In building a future criminal justice system, various elements will largely need to be focused on. These elements include accountability, fairness, efficiency as well as effectiveness in service delivery. The critical element that will build the future criminal justice system is training (Worrall, 2014). This entails implementing implicit bias training purposely for all the federal law enforcement officers as well as state and the local police who are tasked with federal task forces.

The Future of Criminal Justice System

Implicit bias has been common especially in policing. The implicit bias is a result of unthinking discrimination that has been common against blacks and Latinos. The white and black experiences in America brought up by race have led to subtle and stark differences. Recently, the evocative statement, “Black Lives Matter” has been common among protesters due to the recent killings of Tamir Rice, Michael Brown, and also Eric Garner (Bohm at al. 2017). To mitigate the effects of bias and ensure there is a fair future criminal justice system, Training has proved to be the key element.
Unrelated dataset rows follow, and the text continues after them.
(* Let $p\ge5$, $n\ge 0$, and let $\mu<\nu$ be two integers in $\{M_{n-1}+1,\dots,M_n\}$ whose metallic codes both end with the digit $0$, such that no integer strictly between $\mu$ and $\nu$ has a metallic code ending with $0$. Then $\nu-\mu=p-3$ if and only if the metallic code of $\nu$ ends with at least two zeros (i.e. is of the form $w\,0^k$ with $k\ge 2$); otherwise $\nu-\mu=p-2$.
   Context: $p\ge5$ is a fixed integer. Metallic numbers: $m_{-1}=0$, $m_0=1$, $m_{n+2}=(p-2)m_{n+1}-m_n$; $M_n=\sum_{k=0}^n m_k$ and $M_{-1}=0$. Write $d=p-3$, $c=p-4$. The metallic code of a positive integer $n$ is the unique word $a_k\cdots a_0$ over the digits $\{0,\dots,p-3\}$ with $a_k\neq 0$, $n=\sum_i a_i m_i$, and containing no factor $d\,c^j\,d$ ($j\ge0$). (The set $\{M_{n-1}+1,\dots,M_n\}$ is the level $n$ of the white metallic tree.) *)

theory Defs
  imports Main
begin

text \<open>Metallic numbers m_0 = 1, m_1 = (p-2) m_0 - m_{-1} = p - 2,
  m_{n+2} = (p-2) m_{n+1} - m_n  (computed in int, so no truncation).\<close>
fun metallic :: "nat \<Rightarrow> nat \<Rightarrow> int" where
  "metallic p 0 = 1"
| "metallic p (Suc 0) = int p - 2"
| "metallic p (Suc (Suc n)) = (int p - 2) * metallic p (Suc n) - metallic p n"

text \<open>Mprev p k = M_{k-1} = sum_{i<k} m_i; so M_{-1} = Mprev p 0 = 0.\<close>
definition Mprev :: "nat \<Rightarrow> nat \<Rightarrow> int" where
  "Mprev p k = (\<Sum>i<k. metallic p i)"

definition level :: "nat \<Rightarrow> nat \<Rightarrow> int set" where
  "level p n = {Mprev p n + 1 .. Mprev p (Suc n)}"

text \<open>Words are stored little-endian: ds ! i is the digit a_i, so the last
  list element is the leading digit a_k.\<close>
definition word_value :: "nat \<Rightarrow> nat list \<Rightarrow> int" where
  "word_value p ds = (\<Sum>i<length ds. int (ds ! i) * metallic p i)"

text \<open>Contains a factor d c^j d with d = p-3, c = p-4, j \<ge> 0
  (the pattern is a palindrome, so the reading direction is irrelevant).\<close>
definition has_forbidden_factor :: "nat \<Rightarrow> nat list \<Rightarrow> bool" where
  "has_forbidden_factor p ds \<longleftrightarrow>
     (\<exists>i j. i + j + 1 < length ds \<and> ds ! i = p - 3 \<and> ds ! (i + j + 1) = p - 3 \<and>
        (\<forall>t. i < t \<and> t < i + j + 1 \<longrightarrow> ds ! t = p - 4))"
Even though training does not serve to reduce bias, it helps in raising consciousness about the bias. Training entails making one aware of the unconscious biases.  For the federal government, implicit bias training is required in the police academies, and also state and local departmental training that is ongoing. For law enforcement recruits, it is essential to challenge them in identifying police scenarios and decisions that can largely manifest bias. These decisions and scenarios include consent searches, traffic stops, and suspicion to frisk reasonably among others (Jonathan-Zamir et al. 2015). Further, they should be challenged on reflecting implicit bias’s potential impact on their behavior and perceptions. In training venues such as the in-service, seasoned officers should also be challenged.
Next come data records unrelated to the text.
(* Suppose $\beta_j\ne0$ for $j=2,3,\dots,k$ in the Lanczos process. Then the optimal value $\mu^{(k)}$ of rLGopt satisfies $\mu^{(k)}<\lambda_{\min}(T_k)$, and rLGopt cannot fall into the hard case.
   Context: Let $M\in\mathbb{R}^{n\times n}$ be symmetric (in the paper $M=PAP$) and $0\ne b_0\in\mathbb{R}^n$, $\gamma>0$. Lanczos process: $q_0=0$, $\beta_1=\|b_0\|$, $q_1=b_0/\|b_0\|$, for $j=1,2,\dots$: $\alpha_j=q_j^{\top}Mq_j$, $\widehat q_{j+1}=Mq_j-\alpha_jq_j-\beta_jq_{j-1}$, $\beta_{j+1}=\|\widehat q_{j+1}\|$, $q_{j+1}=\widehat q_{j+1}/\beta_{j+1}$ when $\beta_{j+1}>0$. $T_k$ is the $k\times k$ symmetric tridiagonal matrix with diagonal $\alpha_1,\dots,\alpha_k$ and off-diagonal entries $\beta_2,\dots,\beta_k$. rLGopt: minimize $\lambda$ over $(\lambda,x)\in\mathbb{R}\times\mathbb{R}^k$ with $(T_k-\lambda I)x=-\|b_0\|e_1$ and $\|x\|=\gamma$; $\mu^{(k)}$ is its optimal value. The associated rQEPmin: minimize $\lambda$ over $\lambda\in\mathbb{R}$, $0\ne w\in\mathbb{R}^k$ with $(T_k-\lambda I)^2w=\gamma^{-2}\|b_0\|^2e_1e_1^{\top}w$. rLGopt is said to be in the hard case if rQEPmin has a minimizer $(\lambda,w)$ with $e_1^{\top}w=0$. *)

theory Defs
  imports "Jordan_Normal_Form.Char_Poly"
begin

definition vnorm :: "real vec \<Rightarrow> real" where
  "vnorm v = sqrt (v \<bullet> v)"

(* lanczos_state M b j = (q_j, q_{j+1}, beta_{j+1}), with q_0 = 0, q_1 = b/||b||, beta_1 = ||b|| *)
fun lanczos_state :: "real mat \<Rightarrow> real vec \<Rightarrow> nat \<Rightarrow> real vec \<times> real vec \<times> real" where
  "lanczos_state M b 0 = (0\<^sub>v (dim_vec b), (1 / vnorm b) \<cdot>\<^sub>v b, vnorm b)"
| "lanczos_state M b (Suc j) =
     (let (p, q, \<beta>) = lanczos_state M b j;
          \<alpha> = q \<bullet> (M *\<^sub>v q);
          h = M *\<^sub>v q - \<alpha> \<cdot>\<^sub>v q - \<beta> \<cdot>\<^sub>v p;
          \<beta>' = vnorm h
      in (q, (1 / \<beta>') \<cdot>\<^sub>v h, \<beta>'))"

definition lanczos_q :: "real mat \<Rightarrow> real vec \<Rightarrow> nat \<Rightarrow> real vec" where
  "lanczos_q M b j = fst (lanczos_state M b j)"

definition lanczos_alpha :: "real mat \<Rightarrow> real vec \<Rightarrow> nat \<Rightarrow> real" where
  "lanczos_alpha M b j = lanczos_q M b j \<bullet> (M *\<^sub>v lanczos_q M b j)"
Additionally, there is a need to challenge police departments for diversity increase amongst law enforcement officers. There is also a need for acknowledging group and individual differences by the Law enforcement agencies, with this being achieved through diversity and multiculturalism training.

On the other hand, procedural justice puts focus on the interaction of police and other legal authorities with the public. Further, it focuses on how the characteristics of the fore mentioned interaction shape how the public views the police, their adherence to the law, and actual crime rates (Cole et al. 2018). In achieving the success of the criminal justice system, procedural justice is principled on the treatment of the public with dignity and respect, neutrality in decision making, giving the public ‘voice’ during encounters, and the conveyance of trustworthy motives. As a result, the trust of the community in the police is enhanced, the community takes the obligation of obeying the law, and sharing of interest and values amongst the police and the community hence goodwill develops between both parties.
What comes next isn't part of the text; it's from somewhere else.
(* Let $\phi$ be a skew-symmetric super-biderivation of $H=H(m,n;\underline t)$. Let $i\in Y$, and let $\alpha,u$ be such that $D_H(x^{(\alpha)}x^u)\in H$. Then $\phi(D_H(x_ix_{i'}),D_H(x^{(\alpha)}x^u))\in H_{(\alpha+\langle u\rangle)}$.
   Context: Setting for $H$: $\mathbb{F}$ is algebraically closed of characteristic $p>2$; $m=2k$ and $n=2t$ are even integers with $m,n\ge 2$; $s=m+n$; $Y_0=\{1,\dots,m\}$, $Y_1=\{m+1,\dots,s\}$, $Y=Y_0\cup Y_1$. Fix positive integers $\underline{t}=(t_1,\dots,t_m)$, $\pi_i=p^{t_i}-1$. $\Lambda(m,n;\underline{t})$ is the associative superalgebra with basis $x^{(\alpha)}x^u$ ($\alpha\in\mathbb{N}^m$, $0\le\alpha_i\le\pi_i$; $u=\langle i_1<\dots<i_r\rangle\subseteq Y_1$, $x^u=x_{i_1}\cdots x_{i_r}$, $x^\varnothing=1$), with $x^{(\alpha)}x^{(\beta)}=\binom{\alpha+\beta}{\alpha}x^{(\alpha+\beta)}$, $x_ix_j=-x_jx_i$ ($i,j\in Y_1$), $x^{(\alpha)}x_j=x_jx^{(\alpha)}$; parity of $x^{(\alpha)}x^u$ is $|u|\bmod 2$; $x_i=x^{(\varepsilon_i)}$ for $i\in Y_0$. $D_i(x^{(\alpha)}x^u)=x^{(\alpha-\varepsilon_i)}x^u$ (zero if $\alpha_i=0$) for $i\in Y_0$, $D_i(x^{(\alpha)}x^u)=x^{(\alpha)}\partial_i(x^u)$ for $i\in Y_1$ ($\partial_i$ the Grassmann partial derivative); parity $\tau(i)=\bar0$ ($i\in Y_0$), $\bar1$ ($i\in Y_1$). $W(m,n;\underline t)=\{\sum f_iD_i\}$ with bracket $[fD_i,gD_j]=fD_i(g)D_j-(-1)^{\mathrm{d}(fD_i)\mathrm{d}(gD_j)}gD_j(f)D_i$. Set $i'=i+k$ ($1\le i\le k$), $i-k$ ($k<i\le 2k$), $i+t$ ($2k<i\le 2k+t$), $i-t$ ($2k+t<i\le s$); $\sigma(i)=1$ ($1\le i\le k$), $-1$ ($k<i\le2k$), $1$ ($2k<i\le s$). $D_H(f)=\sum_{i\in Y}\sigma(i')(-1)^{\tau(i')\mathrm{d}(f)}D_{i'}(f)D_i$ for homogeneous $f$. $\overline{H}=\mathrm{span}\{D_H(f)\}$, $H=[\overline H,\overline H]$, a finite-dimensional simple Lie superalgebra. Weight spaces: $T_H=\mathrm{span}\{D_H(x_lx_{l'}):l\in Y\}$ is an abelian subalgebra of $H$, and each $D_H(x^{(\alpha)}x^u)$ is a common eigenvector: $[D_H(x_lx_{l'}),D_H(x^{(\alpha)}x^u)]=\sigma(l)(\alpha_{l'}-\alpha_l+\delta_{(l'\in u)}-\delta_{(l\in u)})D_H(x^{(\alpha)}x^u)$ for all $l\in Y$ (with $\alpha_l:=0$ for $l\in Y_1$ and $\delta_{(P)}=1$ if $P$ is true, $0$ otherwise). $H_{(\alpha+\langle u\rangle)}$ denotes the set of $h\in H$ with $[D_H(x_lx_{l'}),h]=\sigma(l)(\alpha_{l'}-\alpha_l+\delta_{(l'\in u)}-\delta_{(l\in u)})h$ for all $l\in Y$. A skew-symmetric super-biderivation of a Lie superalgebra $L$ is a bilinear map $\phi:L\times L\to L$, $\mathbb{Z}_2$-homogeneous of degree $\mathrm{d}(\phi)$ (i.e. $\phi(L_\alpha,L_\beta)\subseteq L_{\alpha+\beta+\mathrm{d}(\phi)}$), with $\phi(x,[y,z])=[\phi(x,y),z]+(-1)^{(\mathrm{d}(\phi)+\mathrm{d}(x))\mathrm{d}(y)}[y,\phi(x,z)]$ and $\phi(x,y)=-(-1)^{\mathrm{d}(\phi)\mathrm{d}(x)+\mathrm{d}(\phi)\mathrm{d}(y)+\mathrm{d}(x)\mathrm{d}(y)}\phi(y,x)$ for homogeneous $x,y,z$. *)

theory Defs
  imports "HOL-Computational_Algebra.Polynomial" "HOL-Library.Function_Algebras"
begin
As a result, the police and the community both interact to combat crimes due to the enhanced corporation. This shares equality in the treatment of the public rather than being treated as capricious justice system subjects (Worrall, 2014). The public build their trust in the criminal justice system hence the achievement of success within the system.

In conclusion, training provides an essential element for the future of the criminal justice system since training is provided on implicit bias and its impact. Further, procedural justice enhances equity hence fostering the interaction of the police and the community.

References
  • Cole, G. F., Smith, C. E., & DeJong, C. (2018). The American system of criminal justice. Cengage Learning.
  • Worrall, A. (2014). Punishment in the community: The future of criminal justice. Routledge.
  • Bohm, R. M., & Haley, K. N. (2017). Introduction to criminal justice. McGraw-Hill Education.
  • Jonathan-Zamir, T., Mastrofski, S. D., & Moyal, S. (2015). Measuring procedural justice in police-citizen encounters. Justice Quarterly, 32(5), 845-871.